A Rose for Emily, written by William Faulkner is about a young woman named, Emily Grierson, whose life is depicted from the point of view of the townspeople. In the short story, it is evident that there is a division between two generations. Emily Grierson, represents the older generation in the Old South. She is symbolic of the traditional ways. She faces a widespread change and a coming of a new generation who values modern ideas.

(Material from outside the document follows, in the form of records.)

(* Let $X$ and $Y$ be nontrivial metrizable spaces. The following are equivalent: (1) $X$ is countable; (2) $Q_p(X,\mathbb{D})$ is Fr\'{e}chet-Urysohn; (3) $Q_p(X,Y)$ is Fr\'{e}chet-Urysohn; (4) $Q_p(X,Y)$ is first countable; (5) $Q_p(X,Y)$ is metrizable.
   Context: A function $f:X\to Y$ is quasicontinuous if for every $x\in X$, every open $V\ni f(x)$ and every open $U\ni x$ there is a nonempty open $W\subseteq U$ with $f(W)\subseteq V$. $Q_p(X,Y)$ is the set of all quasicontinuous functions $X\to Y$ with the topology of pointwise convergence; $\mathbb{D}=\{0,1\}$ is the discrete two-point space. A space $Z$ is Fr\'{e}chet-Urysohn if for every $A\subseteq Z$ and $z\in\overline{A}$ there is a sequence in $A$ converging to $z$. Nontrivial means having more than one point. *)

theory Defs
  imports "HOL-Analysis.Analysis"
begin

definition quasicontinuous_map :: "'a topology \<Rightarrow> 'b topology \<Rightarrow> ('a \<Rightarrow> 'b) \<Rightarrow> bool" where
  "quasicontinuous_map X Y f \<longleftrightarrow>
     f ` topspace X \<subseteq> topspace Y \<and>
     (\<forall>x \<in> topspace X. \<forall>V U. openin Y V \<and> f x \<in> V \<and> openin X U \<and> x \<in> U \<longrightarrow>
        (\<exists>W. openin X W \<and> W \<noteq> {} \<and> W \<subseteq> U \<and> f ` W \<subseteq> V))"
lemma lp_norm_add_le:
  assumes x: "x \<in> lp p" and y: "y \<in> lp p" and p: "p \<ge> 1"
  shows "lp_norm p (\<lambda>n. x n + y n) \<le> lp_norm p x + lp_norm p y"
proof (cases "lp_norm p x = 0 \<or> lp_norm p y = 0")
  case True
  moreover have "p > 0" using p by simp
  ultimately have "x = (\<lambda>n. 0) \<or> y = (\<lambda>n. 0)"
    using lp_norm_eq_0_imp_zero[OF x] lp_norm_eq_0_imp_zero[OF y] by blast
  then show ?thesis by (auto simp: lp_norm_zero)
next
  case False
  define A B where "A = lp_norm p x" and "B = lp_norm p y"
  have A: "A > 0" and B: "B > 0" using False lp_norm_nonneg[of p] by (auto simp: A_def B_def order_le_less)
  have p0: "p > 0" using p by simp
  have xy: "(\<lambda>n. x n + y n) \<in> lp p" using lp_add[OF x y] p by auto
  have Sx: "lp_powsum p x = A powr p" and Sy: "lp_powsum p y = B powr p"
    by (simp_all add: A_def B_def lp_norm_powr[OF x p0] lp_norm_powr[OF y p0])
  have "lp_powsum p (\<lambda>n. x n + y n) / (A + B) powr p
      = (\<Sum>n. norm (x n + y n) powr p / (A + B) powr p)"
    unfolding lp_powsum_def using xy by (simp add: mem_lp_iff suminf_divide)
  also have "\<dots> \<le> (\<Sum>n. A / (A + B) * (norm (x n) powr p / A powr p)
                      + B / (A + B) * (norm (y n) powr p / B powr p))"
    using x y xy p A B
    by (intro suminf_le norm_add_powr_le_convex)
      (auto simp: mem_lp_iff intro!: summable_add summable_mult summable_divide)
  also have "\<dots> = A / (A + B) * (lp_powsum p x / A powr p) + B / (A + B) * (lp_powsum p y / B powr p)"
    using x y unfolding lp_powsum_def mem_lp_iff
    by (subst suminf_add[symmetric]) (auto intro!: summable_mult summable_divide simp: suminf_mult suminf_divide)
  also have "\<dots> = A / (A + B) + B / (A + B)" using Sx Sy A B by simp
  also have "\<dots> = 1" using A B by (simp add: add_divide_distrib[symmetric])
  finally have "lp_powsum p (\<lambda>n. x n + y n) \<le> (A + B) powr p" using A B by (simp add: field_simps)
  then show ?thesis using lp_powsum_le_powr_iff[OF xy p0] A B by (simp add: A_def B_def)
qed

lemma lp_norm_triangle_ineq2:
  assumes x: "x \<in> lp p" and y: "y \<in> lp p" and p: "p \<ge> 1"
  shows "lp_norm p x - lp_norm p y \<le> lp_norm p (\<lambda>n. x n - y n)"
proof -
  have "lp_norm p x = lp_norm p (\<lambda>n. y n + (x n - y n))" by simp
  also have "\<dots> \<le> lp_norm p y + lp_norm p (\<lambda>n. x n - y n)"
    using x y p by (intro lp_norm_add_le lp_diff) auto
  finally show ?thesis by simp
qed

lemma lp_norm_diff_triangle:
  assumes x: "x \<in> lp p" and y: "y \<in> lp p" and z: "z \<in> lp p" and p: "p \<ge> 1"
  shows "lp_norm p (\<lambda>n. x n - z n) \<le> lp_norm p (\<lambda>n. x n - y n) + lp_norm p (\<lambda>n. y n - z n)"
proof -
  have "lp_norm p (\<lambda>n. x n - z n) = lp_norm p (\<lambda>n. (x n - y n) + (y n - z n))" by simp
  also have "\<dots> \<le> lp_norm p (\<lambda>n. x n - y n) + lp_norm p (\<lambda>n. y n - z n)"
    using x y z p by (intro lp_norm_add_le lp_diff) auto
  finally show ?thesis .
qed

lemma lp_norm_sum_le:
  assumes "finite I" "\<And>i. i \<in> I \<Longrightarrow> f i \<in> lp p" "p \<ge> 1"
  shows "lp_norm p (\<lambda>n. \<Sum>i\<in>I. f i n) \<le> (\<Sum>i\<in>I. lp_norm p (f i))"
  using assms
proof (induction I rule: finite_induct)
  case empty then show ?case by (simp add: lp_norm_zero)
next
  case (insert a F)
  have F: "(\<lambda>n. \<Sum>i\<in>F. f i n) \<in> lp p" using insert by (intro lp_sum) auto
  have "lp_norm p (\<lambda>n. \<Sum>i\<in>insert a F. f i n) = lp_norm p (\<lambda>n. f a n + (\<Sum>i\<in>F. f i n))"
    using insert by simp
  also have "\<dots> \<le> lp_norm p (f a) + lp_norm p (\<lambda>n. \<Sum>i\<in>F. f i n)"
    using insert F by (intro lp_norm_add_le) auto
  also have "\<dots> \<le> lp_norm p (f a) + (\<Sum>i\<in>F. lp_norm p (f i))"
    using insert by simp
  finally show ?case using insert by simp
qed

lemma lp_norm_mono_exponent:
  fixes x :: "nat \<Rightarrow> 'a::real_normed_field"
  assumes x: "x \<in> lp p" and p: "p > 0" and pq: "p \<le> q"
  shows "x \<in> lp q \<and> lp_norm q x \<le> lp_norm p x"
proof (cases "lp_norm p x = 0")
  case True
  then have "x = (\<lambda>n. 0)" by (rule lp_norm_eq_0_imp_zero[OF x p])
  then show ?thesis by (simp add: zero_in_lp lp_norm_zero)
next
  case False
  obtain r u where r: "r > 0" and u: "u \<in> lp p" "lp_norm p u = 1" and xu: "x = (\<lambda>n. of_real r * u n)"
    using lp_normalize[OF x p False] .
  have q: "q > 0" using p pq by simp
  have su: "summable (\<lambda>n. norm (u n) powr p)" using u by (simp add: mem_lp_iff)
  have le: "norm (u n) powr q \<le> norm (u n) powr p" for n
    using norm_coord_le_lp_norm[OF u(1) p, of n] u(2) pq by (intro powr_mono') auto
  have uq: "u \<in> lp q"
    unfolding mem_lp_iff using le by (intro summable_comparison_test'[OF su, where N=0]) auto
  have "lp_powsum q u \<le> lp_powsum p u"
    using su uq le unfolding lp_powsum_def mem_lp_iff by (intro suminf_le) auto
  then have "lp_norm q u \<le> 1"
    using lp_norm_powr[OF u(1) p] u(2) lp_powsum_le_powr_iff[OF uq q, of 1] by simp
  moreover have "lp_norm p x = r" "lp_norm q x = r * lp_norm q u"
    unfolding xu using r u lp_norm_scale[OF u(1) p] lp_norm_scale[OF uq q] by simp_all
  ultimately show ?thesis using r lp_scale[OF uq] xu by (simp add: mult_left_le)
qed
lemma hermitian_trace_square_eq_0:
  assumes B: "B \<in> carrier_mat n n" and h: "mat_adjoint B = B" and tr: "trace_mat (B * B) = 0"
  shows "B = 0\<^sub>m n n"
proof -
  have "trace_mat (B * B) = (\<Sum>i<n. \<Sum>k<n. B $$ (i,k) * B $$ (k,i))"
    unfolding trace_mat_carrier[OF mult_carrier_mat[OF B B]]
    by (intro sum.cong refl, rule index_mult_mat_sum[OF B B]) auto
  also have "\<dots> = (\<Sum>i<n. \<Sum>k<n. of_real ((cmod (B $$ (i,k)))\<^sup>2))"
  proof (intro sum.cong refl)
    fix i k assume "i \<in> {..<n}" "k \<in> {..<n}"
    then have "B $$ (k,i) = cnj (B $$ (i,k))"
      using h B by (metis index_mat_adjoint carrier_matD lessThan_iff)
    then show "B $$ (i,k) * B $$ (k,i) = of_real ((cmod (B $$ (i,k)))\<^sup>2)"
      by (metis complex_norm_square)
  qed
  also have "\<dots> = of_real (\<Sum>i<n. \<Sum>k<n. (cmod (B $$ (i,k)))\<^sup>2)"
    by (simp only: of_real_sum)
  finally have "(\<Sum>i<n. \<Sum>k<n. (cmod (B $$ (i,k)))\<^sup>2) = 0"
    using tr by (metis of_real_eq_0_iff)
  then have "\<forall>i<n. \<forall>k<n. (cmod (B $$ (i,k)))\<^sup>2 = 0"
    by (simp add: sum_nonneg_eq_0_iff sum_nonneg)
  then show ?thesis using B by (intro eq_matI) auto
qed

text \<open>A Schur decomposition \<open>B = P T Q\<close> of a Hermitian \<open>B\<close> all of whose eigenvalues vanish
  would give \<open>tr (B\<^sup>2) = tr (T\<^sup>2) = 0\<close>.\<close>

lemma hermitian_nonzero_eigenvalue:
  assumes B: "(B :: complex mat) \<in> carrier_mat n n" and h: "mat_adjoint B = B" and nz: "B \<noteq> 0\<^sub>m n n"
  shows "\<exists>e v. e \<noteq> 0 \<and> v \<in> carrier_vec n \<and> v \<noteq> 0\<^sub>v n \<and> B *\<^sub>v v = e \<cdot>\<^sub>v v"
proof (rule ccontr)
  assume no: "\<not> ?thesis"
  obtain es where cp: "char_poly B = (\<Prod>a\<leftarrow>es. [:- a, 1:])"
    using char_poly_factorized[OF B] by blast
  obtain T P Q where sd: "schur_decomposition B es = (T,P,Q)"
    by (cases "schur_decomposition B es") auto
  from schur_decomposition[OF B cp sd] have sim: "similar_mat_wit B T P Q"
    and ut: "upper_triangular T" and dg: "diag_mat T = es" by auto
  from sim B have T: "T \<in> carrier_mat n n" and P: "P \<in> carrier_mat n n" and Q: "Q \<in> carrier_mat n n"
    and QP: "Q * P = 1\<^sub>m n"
    unfolding similar_mat_wit_def Let_def by auto
  have "e = 0" if "e \<in> set es" for e
  proof -
    have "poly (char_poly B) e = 0"
      unfolding cp using that by (induct es) auto
    then obtain v where "eigenvector B v e"
      using eigenvalue_root_char_poly[OF B] unfolding eigenvalue_def by auto
    then show "e = 0" using no B unfolding eigenvector_def by auto
  qed
  then have "T $$ (i,i) = 0" if "i < n" for i
    using that T unfolding dg[symmetric] diag_mat_def by auto
  then have "trace_mat (T * T) = 0"
    by (simp add: trace_mat_square_upper_triangular[OF T ut])
  moreover have "B * B = P * (T * T) * Q"
    using similar_mat_wit_pow_id[OF sim, of 2] B T by (simp add: numeral_2_eq_2)
  ultimately have "trace_mat (B * B) = 0"
    using trace_mat_similar[OF P _ Q QP, of "T * T"] T by simp
  with hermitian_trace_square_eq_0[OF B h] nz show False by simp
qed
lemma one_plus_power_le_two:
  fixes z :: real
  assumes "0 \<le> z" "real N * z \<le> 1/2"
  shows "(1 + z) ^ N \<le> 2"
proof -
  have "(1 + z) ^ N \<le> exp z ^ N"
    using assms(1) by (intro power_mono) auto
  also have "\<dots> = exp (real N * z)" by (simp add: exp_of_nat_mult)
  also have "\<dots> \<le> exp (1/2)" using assms(2) by simp
  also have "\<dots> \<le> 2"
  proof (rule power2_le_imp_le)
    show "exp (1/2) ^ 2 \<le> (2::real) ^ 2"
      using exp_le by (simp add: exp_of_nat_mult[symmetric])
  qed simp
  finally show ?thesis .
qed

lemma powr_minus_one_eighth_le:
  fixes x :: real
  assumes "150 \<le> x"
  shows "x powr (-1/8) \<le> 2/3"
proof -
  have "(x powr (-1/8)) ^ 8 = x powr (of_nat 8 * (-1/8))"
    using assms by (intro powr_power) simp
  also have "\<dots> = 1 / x"
    using assms by (simp add: powr_minus_divide)
  also have "\<dots> \<le> (2/3) ^ 8" using assms by (simp add: field_simps)
  finally have "(x powr (-1/8)) ^ 8 \<le> (2/3) ^ 8" .
  then show ?thesis by (simp add: power_mono_iff)
qed

lemma scaled_div_ln_bounds:
  fixes a c :: real
  assumes "1 < a" "1 \<le> c"
  shows "150 \<le> 150 * c * a / ln a" and "ln a / 2 \<le> ln (150 * c * a / ln a)"
proof -
  define u where "u = ln a"
  have "0 < u" "u < a" unfolding u_def using assms(1) ln_less_self[of a] by auto
  have "150 * 1 * 1 \<le> 150 * c * (a / u)"
    using assms(2) \<open>0 < u\<close> \<open>u < a\<close> by (intro mult_mono) auto
  then show "150 \<le> 150 * c * a / ln a" by (simp add: u_def)
  have "ln (150 * c * a / u) = ln 150 + ln c + u - ln u"
    using assms \<open>0 < u\<close> by (simp add: ln_mult ln_div u_def)
  moreover have "0 \<le> ln c" "0 \<le> ln (150::real)" using assms(2) by simp_all
  moreover have "ln u \<le> u / 2" using \<open>0 < u\<close> by (rule ln_le_half)
  ultimately show "ln a / 2 \<le> ln (150 * c * a / ln a)"
    unfolding u_def by linarith
qed
lemma prod_list_map2_delta:
  "length u = length u' \<Longrightarrow>
   prod_list (map2 (\<lambda>c c'. if c = c' then 1 else 0) u u') = (if u = u' then 1 else (0 :: 'a :: semiring_1))"
  by (induction u u' rule: list_induct2) auto

section \<open>Substitution homomorphisms of the free algebra\<close>

text \<open>\<open>ncsubst A M\<close> is the algebra homomorphism substituting \<open>\<Sum>\<^sub>c M i c \<cdot> c\<close> for each
  letter \<open>i \<in> A\<close> and \<open>0\<close> for the letters outside \<open>A\<close>.\<close>
definition ncsubst :: "nat set \<Rightarrow> (nat \<Rightarrow> nat \<Rightarrow> complex) \<Rightarrow> ncpoly \<Rightarrow> ncpoly" where
  "ncsubst A M f = (\<lambda>u. \<Sum>w\<in>words A (length u). f w * prod_list (map2 M w u))"

lemma ncsubst_zero [simp]: "ncsubst A M 0 = 0"
  by (simp add: ncsubst_def fun_eq_iff)

lemma ncsubst_add: "ncsubst A M (f + g) = ncsubst A M f + ncsubst A M g"
  by (auto simp: ncsubst_def fun_eq_iff sum.distrib algebra_simps)

lemma ncsubst_diff: "ncsubst A M (f - g) = ncsubst A M f - ncsubst A M g"
  by (auto simp: ncsubst_def fun_eq_iff sum_subtractf algebra_simps)

lemma ncsubst_cscale: "ncsubst A M (cscale c f) = cscale c (ncsubst A M f)"
  by (auto simp: ncsubst_def cscale_def fun_eq_iff sum_distrib_left algebra_simps)

lemma ncsubst_sum: "ncsubst A M (\<Sum>i\<in>I. f i) = (\<Sum>i\<in>I. ncsubst A M (f i))"
  by (auto simp: ncsubst_def fun_eq_iff sum_fun_apply sum_distrib_right intro: sum.swap)
(* Let $a\in \mathcal{A}$ and $n\in \mathbb{N}$. Then $a$ has a generalized core-EP inverse if and only if (1) $a\in \mathcal{A}^d$; and (2) there exists a projection $p\in \mathcal{A}$ such that $pa=pap\in \mathcal{A}^{qnil}$ and $a^n+p\in \mathcal{A}^{-1}$.
   Context: $\mathcal{A}$ is a complex Banach *-algebra with identity; $\mathcal{A}^d$ is the set of generalized Drazin invertible elements, $\mathcal{A}^{qnil}$ the quasinilpotents, $\mathcal{A}^{-1}$ the invertible elements; a projection is $p=p^2=p^*$. The generalized core-EP inverse of $a$ is the unique $x$ with $ax^2=x$, $(ax)^*=ax$, $\lim_{n\to\infty}\|a^n-xa^{n+1}\|^{1/n}=0$. *)

theory Defs
  imports "HOL-Analysis.Analysis"
begin

class complex_banach_star_algebra = real_normed_algebra_1 + banach +
  fixes cscale :: "complex \<Rightarrow> 'a \<Rightarrow> 'a"
    and invol :: "'a \<Rightarrow> 'a"
  assumes cscale_add_right: "cscale c (x + y) = cscale c x + cscale c y"
    and cscale_add_left: "cscale (c + d) x = cscale c x + cscale d x"
    and cscale_cscale: "cscale c (cscale d x) = cscale (c * d) x"
    and cscale_of_real: "cscale (complex_of_real r) x = scaleR r x"
    and norm_cscale: "norm (cscale c x) = cmod c * norm x"
    and cscale_left_mult: "cscale c x * y = cscale c (x * y)"
    and cscale_right_mult: "x * cscale c y = cscale c (x * y)"
    and invol_invol: "invol (invol x) = x"
    and invol_add: "invol (x + y) = invol x + invol y"
    and invol_cscale: "invol (cscale c x) = cscale (cnj c) (invol x)"
    and invol_mult: "invol (x * y) = invol y * invol x"
lemma ultrafilter_limit_surjective:
  "ultrafilter_limit X ` open_ultrafilters X = topspace X"
proof
  show "ultrafilter_limit X ` open_ultrafilters X \<subseteq> topspace X"
    using ultrafilter_limit(1) by blast
  show "topspace X \<subseteq> ultrafilter_limit X ` open_ultrafilters X"
  proof
    fix x assume x: "x \<in> topspace X"
    have "open_filter_base X {N. openin X N \<and> x \<in> N}"
      unfolding open_filter_base_def by auto
    then obtain p where p: "p \<in> open_ultrafilters X" "{N. openin X N \<and> x \<in> N} \<subseteq> p"
      using open_filter_base_extends_to_ultrafilter x by blast
    then have "ultrafilter_limit X p = x"
      using x by (intro ultrafilter_limit_eqI) (auto simp: open_filter_converges_def)
    with p(1) show "x \<in> ultrafilter_limit X ` open_ultrafilters X"
      by blast
  qed
qed

lemma ultrafilter_limit_irreducible:
  assumes F: "closedin (gleason_topology X) F" "F \<subset> topspace (gleason_topology X)"
  shows "ultrafilter_limit X ` F \<noteq> topspace X"
proof -
  obtain p where p: "p \<in> topspace (gleason_topology X) - F"
    using F(2) by blast
  moreover have "openin (gleason_topology X) (topspace (gleason_topology X) - F)"
    using F(1) by blast
  ultimately obtain U where U: "openin X U" "p \<in> ultrafilter_nbhd X U"
    "ultrafilter_nbhd X U \<subseteq> topspace (gleason_topology X) - F"
    using openin_gleason_topology_nbhd by metis
  then obtain x where x: "x \<in> U"
    using open_ultrafilter_nonempty unfolding ultrafilter_nbhd_def by blast
  have "x \<notin> ultrafilter_limit X ` F"
  proof
    assume "x \<in> ultrafilter_limit X ` F"
    then obtain q where q: "q \<in> F" "ultrafilter_limit X q = x" by blast
    then have "q \<in> open_ultrafilters X"
      using F closedin_subset topspace_gleason_topology by blast
    with q U x have "q \<in> ultrafilter_nbhd X U"
      using ultrafilter_limit(2) unfolding ultrafilter_nbhd_def by blast
    with q U show False by blast
  qed
  moreover have "x \<in> topspace X"
    using x U(1) openin_subset by blast
  ultimately show ?thesis by blast
qed

lemma gleason_cover_gleason_topology:
  "gleason_cover X (gleason_topology X) (ultrafilter_limit X)"
  unfolding gleason_cover_def khaus_def
  using compact_space_gleason_topology Hausdorff_space_gleason_topology
    extremally_disconnected_gleason_topology continuous_map_ultrafilter_limit
    ultrafilter_limit_surjective[folded topspace_gleason_topology]
    ultrafilter_limit_irreducible
  by blast

end

lemma gleason_cover_gcover:
  fixes X :: "'a topology"
  assumes "khaus X"
  shows "gleason_cover X (fst (gcover X)) (snd (gcover X))"
proof -
  have "\<exists>c :: 'a set set topology \<times> ('a set set \<Rightarrow> 'a). (\<lambda>(Y, g). gleason_cover X Y g) c"
    using gleason_cover_gleason_topology[OF assms]
    by (intro exI[of _ "(gleason_topology X, ultrafilter_limit X)"]) simp
  then have "(\<lambda>(Y, g). gleason_cover X Y g) (gcover X)"
    unfolding gcover_def by (rule someI_ex)
  then show ?thesis by (simp add: case_prod_beta)
qed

The townspeople felt bad for Emily and thought the reason for her craziness was because her family had a history of it. Emily also waits three days before revealing the death of her father. Emily allows the dead body of her father to lie in her home rotting away. Another crazy action that Emily does is when she goes to the pharmacy to purchase “rat poison”. When Emily goes to buy the arsenic she doesn’t tell the druggist what exactly she is going to use it for, but stares him down making him feel uncomfortable. “Miss Emily just stared at him, her head tilted back in order to look him eye for eye, until he looked away and went and got the arsenic and wrapped it up” (213). One of the most extreme actions Emily performs is being responsible for Homer Barron’s death. But, after fully reading the story the reader understands that Emily not only kills Homer but sleeps with his corpse. “What was left of him, rotted beneath what was left of the nightshirt, had become inextricable from the bed in which he lay… Then we noticed that in the second pillow was the indentation of a head. One of us lifted something from it, and leaning forward, that faint and invisible dust dry and acrid in the nostrils, we saw a long strand of iron-gray hair” (215) There the reader’s thought of Emily sleeping with the dead body and her psychotic tendencies is confirmed.
In A Rose for Emily by William Faulkner, the author exemplifies the Old South in the character of Emily Grierson. He uses decay to show how the South deteriorated after the civil war. Emily represents the refusal of the Old South to let go of the time-honored traditions and adapt to the changing culture. Even when Emily desperately makes an attempt to move forward, other devout traditionalists hold her back.